[EXERCISE OBJECTIVE]
What do the lines say, reproduced word for word, from the first of the entries below through the line bearing "(i, j) else"?
+===+
lemma jordan_block_mult_index:
  fixes A :: "'a :: semiring_1 mat"
  assumes "A \<in> carrier_mat n m" "i < n" "j < m"
  shows "(jordan_block n a * A) $$ (i, j) = a * A $$ (i, j) + (if Suc i < n then A $$ (Suc i, j) else 0)"
proof -
  have "(jordan_block n a * A) $$ (i, j)
      = (\<Sum>k\<in>{0..<n}. (if k = i then a * A $$ (i, j) else 0) + (if k = Suc i then A $$ (Suc i, j) else 0))"
    using assms by (auto simp: scalar_prod_def intro!: sum.cong)
  then show ?thesis
    using assms by (simp add: sum.distrib)
qed

lemma mult_jordan_block_index:
  fixes A :: "'a :: semiring_1 mat"
  assumes "A \<in> carrier_mat m n" "i < m" "j < n"
  shows "(A * jordan_block n a) $$ (i, j) = A $$ (i, j) * a + (if 0 < j then A $$ (i, j - 1) else 0)"
proof -
  have "(A * jordan_block n a) $$ (i, j)
      = (\<Sum>k\<in>{0..<n}. (if k = j then A $$ (i, j) * a else 0) + (if 0 < j \<and> k = j - 1 then A $$ (i, j - 1) else 0))"
    using assms by (auto simp: scalar_prod_def intro!: sum.cong)
  then show ?thesis
    using assms by (cases j) (simp_all add: sum.distrib)
qed

lemma minv_eqI:
  assumes M: "M \<in> carrier_mat n n" and N: "N \<in> carrier_mat n n" and MN: "M * N = 1\<^sub>m n"
  shows "minv M = N"
proof -
  have "inverts_mat M N \<and> inverts_mat N M"
    using mat_mult_left_right_inverse[OF M N MN] M N MN by (simp add: inverts_mat_def)
  then have "inverts_mat M (minv M) \<and> inverts_mat (minv M) M"
    unfolding minv_def by (rule someI)
  then have left: "minv M * M = 1\<^sub>m (dim_row (minv M))" and right: "M * minv M = 1\<^sub>m n"
    using M by (auto simp: inverts_mat_def)
  have "dim_row (minv M) = n" "dim_col (minv M) = n"
    using arg_cong[OF left, of dim_col] arg_cong[OF right, of dim_col] M by auto
  then have "minv M \<in> carrier_mat n n" by blast
  then have "minv M = minv M * (M * N)" by (simp add: MN)
  also have "\<dots> = N"
    using \<open>minv M \<in> carrier_mat n n\<close> M N left by (simp add: assoc_mult_mat[symmetric])
  finally show ?thesis .
qed

lemma minv_eq_conj_mat:
  assumes "B \<in> carrier_mat n n" "B * conj_mat B = 1\<^sub>m n"
  shows "minv B = conj_mat B"
  using minv_eqI[OF assms(1) _ assms(2)] assms(1) by simp

lemma conjugate_eq_minv_conj_mat:
  assumes B: "B \<in> carrier_mat n n" and J: "J \<in> carrier_mat n n"
    and unitary: "B * conj_mat B = 1\<^sub>m n" and reverses: "conj_mat J * B * J = B"
  shows "B * J * minv B = minv (conj_mat J)"
proof -
  have "conj_mat J * (B * J * conj_mat B) = (conj_mat J * B * J) * conj_mat B"
    using B J by (simp add: assoc_mult_mat[of _ n n _ n _ n])
  also have "\<dots> = 1\<^sub>m n"
    by (simp add: reverses unitary)
  finally have "minv (conj_mat J) = B * J * conj_mat B"
    using B J by (intro minv_eqI[of _ n]) auto
  then show ?thesis
    using minv_eq_conj_mat[OF B unitary] by simp
qed

lemma cnj_eq_one_div_if_norm_eq_1: "cmod z = 1 \<Longrightarrow> cnj z = 1 / z"
  using complex_norm_square[of z] by (auto simp: eq_divide_eq mult.commute)

(* The entries of reverserB n lam 1.  Below the first row they are the paper's
   (-1)^(j+1) C(j-2,i-2) / lam^(i+j-2) (1-based); the binomial coefficient already
   vanishes below the diagonal, so no case distinction on j < i is needed. *)
fun reverser_entry :: "complex \<Rightarrow> nat \<Rightarrow> nat \<Rightarrow> complex" where
  "reverser_entry lam 0 j = (if j = 0 then 1 else 0)"
| "reverser_entry lam (Suc i) 0 = 0"
| "reverser_entry lam (Suc i) (Suc j) = - ((-1) ^ j * of_nat (j choose i) / lam ^ (i + j + 2))"

lemma reverser_entry_below_diag: "j < i \<Longrightarrow> reverser_entry lam i j = 0"
  by (cases i; cases j) auto

lemma reverserB_dims [simp]:
  "dim_row (reverserB n lam b) = n" "dim_col (reverserB n lam b) = n"
  unfolding reverserB_def by simp_all

lemma reverserB_carrier [simp]: "reverserB n lam b \<in> carrier_mat n n"
  by (simp add: carrier_matI)

lemma reverserB_index:
  "i < n \<Longrightarrow> j < n \<Longrightarrow> reverserB n lam b $$ (i, j) = b * reverser_entry lam i j"
  unfolding reverserB_def by (cases i; cases j) auto

lemma reverser_entry_recurrence:
  assumes "lam \<noteq> 0"
  shows "lam * reverser_entry lam (Suc i) (Suc j) + reverser_entry lam i j / lam
    + reverser_entry lam (Suc i) j = 0"
proof (cases i; cases j)
  fix i' j' assume "i = Suc i'" "j = Suc j'"
  then show ?thesis
    using assms by (simp add: field_simps power_add)
qed (use assms in \<open>auto simp: field_simps\<close>)

lemma norm_reverser_entry_diag: "cmod lam = 1 \<Longrightarrow> cmod (reverser_entry lam i i) = 1"
  by (cases i) (auto simp: norm_divide norm_power norm_mult)

lemma sum_alternating_choose_mult_choose:
  "(\<Sum>m\<le>N. (-1) ^ m * of_nat (m choose r) * of_nat (N choose m))
     = (if N = r then (-1) ^ r else 0 :: 'a :: comm_ring_1)"
proof (cases "r \<le> N")
  case True
  have "(\<Sum>m\<le>N. (-1) ^ m * of_nat (m choose r) * of_nat (N choose m) :: 'a)
      = (\<Sum>m=r..N. (-1) ^ m * (of_nat (N choose r) * of_nat ((N - r) choose (m - r))))"
  proof (rule sum.mono_neutral_cong_right)
    fix m assume "m \<in> {r..N}"
    then have "(m choose r) * (N choose m) = (N choose r) * ((N - r) choose (m - r))"
      by (subst mult.commute) (intro choose_mult, auto)
    then have "of_nat (m choose r) * of_nat (N choose m)
             = (of_nat (N choose r) * of_nat ((N - r) choose (m - r)) :: 'a)"
      by (metis of_nat_mult)
    then show "(-1) ^ m * of_nat (m choose r) * of_nat (N choose m)
             = ((-1) ^ m * (of_nat (N choose r) * of_nat ((N - r) choose (m - r))) :: 'a)"
      by (simp add: mult.assoc)
  qed (auto simp: binomial_eq_0)
  also have "\<dots> = (\<Sum>t\<le>N - r. (-1) ^ (r + t) * (of_nat (N choose r) * of_nat ((N - r) choose t)))"
    unfolding sum.atLeastAtMost_shift_0[OF True] by (simp add: atLeast0AtMost)
  also have "\<dots> = (-1) ^ r * of_nat (N choose r) * (\<Sum>t\<le>N - r. (-1) ^ t * of_nat ((N - r) choose t))"
    by (simp add: sum_distrib_left power_add mult_ac)
  also have "\<dots> = (if N = r then (-1) ^ r else 0)"
    using choose_alternating_sum[of "N - r", where 'a = 'a] True by auto
  finally show ?thesis .
qed (simp add: binomial_eq_0)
+===+
[TASK RESPONSE]
lemma jordan_block_mult_index:
  fixes A :: "'a :: semiring_1 mat"
  assumes "A \<in> carrier_mat n m" "i < n" "j < m"
  shows "(jordan_block n a * A) $$ (i, j) = a * A $$ (i, j) + (if Suc i < n then A $$ (Suc i, j) else 0)"
proof -
  have "(jordan_block n a * A) $$ (i, j)
      = (\<Sum>k\<in>{0..<n}. (if k = i then a * A $$ (i, j) else 0) + (if k = Suc i then A $$ (Suc i, j) else 0))"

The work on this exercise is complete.